Bioplastics and the University of Minnesota

Talking about bioplastics today jogged something in my memory from a few years back when someone shared a “fun fact” about the University of Minnesota Dining Services products being made of corn. I was amazed at the time that my plastic soft drink cup and spoon actually began as plant material. Now that I understand a little more about bioplastics I decided to look a little deeper into this “fun fact”.

According to the University Dining Services (UDS) website UDS has converted 35% of packaging in its 14 on campus dining locations (including residence halls, Coffman Marketplace and others) to biodegradable products which can be completely composted within 45 days. Several dining locations now include an additional trash bin for compost next to the bins for regular trash and recycling.

Biodegradable plastic utensils.

UDS Restauraunt in Coffman Union

UMN “Green Team” helps students sort waste into trash, compost and recycling in Coffman Union dining hall.

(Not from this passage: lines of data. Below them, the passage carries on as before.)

(* Let $(\Omega,\mathcal{F},\mathbb{P})$ be a nonatomic probability space and let $(\mathcal{X},\mathcal{X}^\ast)$ be a pair of law-invariant vector subspaces of $L^1$, each containing $L^\infty$, such that $XY\in L^1$ for all $X\in\mathcal{X}$ and $Y\in\mathcal{X}^\ast$. Let $\mathcal{M}$ be a law-invariant linear subspace of $\mathcal{X}$ containing a nonconstant random variable, let $Y\in\mathcal{X}^\ast$, and define the linear functional $\varphi:\mathcal{M}\to\mathbb{R}$ by $\varphi(X)=\mathbb{E}_{\mathbb{P}}[XY]$. Then $\varphi$ is law invariant (i.e. $\varphi(X_1)=\varphi(X_2)$ whenever $X_1,X_2\in\mathcal{M}$ have the same law under $\mathbb{P}$) if and only if $Y$ is (a.s.) constant.
   Context: $L^0$ denotes real random variables modulo a.s. equality; "nonconstant" means not a.s. constant. A set $\mathcal{S}\subset L^0$ is law invariant if $X\in\mathcal{S}$ whenever $X\in L^0$ has the same law under $\mathbb{P}$ as some element of $\mathcal{S}$. *)

theory Defs
  imports "HOL-Probability.Probability"
begin

text \<open>Law invariance
(which in particular forces closure under a.s. equality) is expressed via
equality of distributions.\<close>

definition nonatomic :: "'a measure \<Rightarrow> bool" where
  "nonatomic M \<longleftrightarrow> (\<forall>A\<in>sets M. measure M A > 0 \<longrightarrow>
      (\<exists>B\<in>sets M. B \<subseteq> A \<and> 0 < measure M B \<and> measure M B < measure M A))"

definition same_law :: "'a measure \<Rightarrow> ('a \<Rightarrow> real) \<Rightarrow> ('a \<Rightarrow> real) \<Rightarrow> bool" where
  "same_law M X Y \<longleftrightarrow> X \<in> borel_measurable M \<and> Y \<in> borel_measurable M \<and>
      distr M borel X = distr M borel Y"

definition law_invariant_set :: "'a measure \<Rightarrow> ('a \<Rightarrow> real) set \<Rightarrow> bool" where
  "law_invariant_set M S \<longleftrightarrow>
     (\<forall>X Y. X \<in> borel_measurable M \<longrightarrow> Y \<in> S \<longrightarrow> same_law M X Y \<longrightarrow> X \<in> S)"

definition rv_subspace :: "'a measure \<Rightarrow> ('a \<Rightarrow> real) set \<Rightarrow> bool" where
  "rv_subspace M S \<longleftrightarrow> S \<subseteq> borel_measurable M \<and> (\<lambda>_. 0) \<in> S \<and>
     (\<forall>X\<in>S. \<forall>Y\<in>S. (\<lambda>\<omega>. X \<omega> + Y \<omega>) \<in> S) \<and>
     (\<forall>c::real. \<forall>X\<in>S. (\<lambda>\<omega>. c * X \<omega>) \<in> S)"

definition Linfty :: "'a measure \<Rightarrow> ('a \<Rightarrow> real) set" where
  "Linfty M = {X \<in> borel_measurable M. \<exists>C. AE \<omega> in M. \<bar>X \<omega>\<bar> \<le> C}"

definition L1 :: "'a measure \<Rightarrow> ('a \<Rightarrow> real) set" where
  "L1 M = {X. integrable M X}"

definition as_constant :: "'a measure \<Rightarrow> ('a \<Rightarrow> real) \<Rightarrow> bool" where
  "as_constant M X \<longleftrightarrow> (\<exists>c. AE \<omega> in M. X \<omega> = c)"

definition law_invariant_functional ::
  "'a measure \<Rightarrow> ('a \<Rightarrow> real) set \<Rightarrow> (('a \<Rightarrow> real) \<Rightarrow> real) \<Rightarrow> bool" where
  "law_invariant_functional M S \<phi> \<longleftrightarrow>
     (\<forall>X1\<in>S. \<forall>X2\<in>S. same_law M X1 X2 \<longrightarrow> \<phi> X1 = \<phi> X2)"

end

theory Submission
  imports Defs
begin

text \<open>Suppose \<open>Y\<close> is not a.s. constant, and split the space at a level \<open>t\<close> of \<open>Y\<close>. By
  Sierpinski's theorem a nonatomic space contains events \<open>B \<subseteq> {Y \<le> t}\<close> and \<open>C \<subseteq> {Y > t}\<close> of the
  same small probability \<open>r\<close>, and every event carries a uniform random variable. Gluing such
  uniforms gives two uniform variables \<open>U\<^sub>1, U\<^sub>2\<close> that agree off \<open>B \<union> C\<close>, with \<open>U\<^sub>1\<close> below \<open>r\<close> and
  \<open>U\<^sub>2\<close> above \<open>1 - r\<close> on \<open>B\<close>, and the other way round on \<open>C\<close>. Feeding them into the quantile
  function of a nonconstant \<open>X \<in> \<M>\<close> gives \<open>X\<^sub>1, X\<^sub>2\<close> with the law of \<open>X\<close>, hence in \<open>\<M>\<close>, such that
  \<open>(X\<^sub>1 - X\<^sub>2) (Y - t) \<ge> 0\<close> everywhere and \<open>> 0\<close> on \<open>C\<close>. Law invariance of the functional and
  \<open>E X\<^sub>1 = E X\<^sub>2\<close> would make the expectation of this product vanish. Conversely, for constant \<open>Y\<close>
  the functional is a multiple of the expectation.\<close>

lemma exists_ge_half_SUP:
  fixes f :: "'b \<Rightarrow> real"
  assumes "x\<^sub>0 \<in> S" and "bdd_above (f ` S)" and "\<And>x. x \<in> S \<Longrightarrow> 0 \<le> f x"
  shows "\<exists>x\<in>S. (SUP x\<in>S. f x) \<le> 2 * f x"
proof (cases "(SUP x\<in>S. f x) \<le> 0")
  case True
  then show ?thesis using assms by force
next
  case False
  then have "(SUP x\<in>S. f x) / 2 < (SUP x\<in>S. f x)" by simp
  then obtain x where "x \<in> S" "(SUP x\<in>S. f x) / 2 < f x"
    using less_cSUP_iff[of S f] assms by blast
  then show ?thesis by (intro bexI[of _ x]) auto
qed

Tangential to this research I discovered that the University of Minnesota is actually home to the Center for Sustainable Polymers whose mission is to “transform how plastics are made and unmade through innovative research…” (Center for Sustainable Polymers website).  The CSP website describes a sustainable polymer as being made from renewable feedstocks, use less water and non-renewable energy in its production and have a smaller carbon footprint than petroleum-based plastics.  The biodegradable plastics used by UDS fall into this category.  However, my research took a surprising turn when I realized that, according to CSPs website, sustainable polymers while compostable will NOT degrade in landfills. Furthermore, while sustainable polymers are recyclable they require different processes than are currently in place for other types of plastic so no programs currently exist to recycle these plastics. When I think of all the students who take their food to go and end up throwing their compostable utensils and food packaging in regular trash receptacles I can’t help but wonder if converting to biodegradable packaging was helpful at all.

CSP Diagram for production of Traditional Polymers.

CSP Diagram for production of Sustainable Polymers

I think these discoveries are an important lesson in how certain sustainable initiatives can seem like a great idea up front but there are many aspects of the system beyond implementation that need to be considered if they are going to be successful. Regardless I was glad to learn that the University of Minnesota is taking steps in the right direction and that the Center for Sustainable Polymers is working to better integrate bioplastics into current waste and reuse cycles.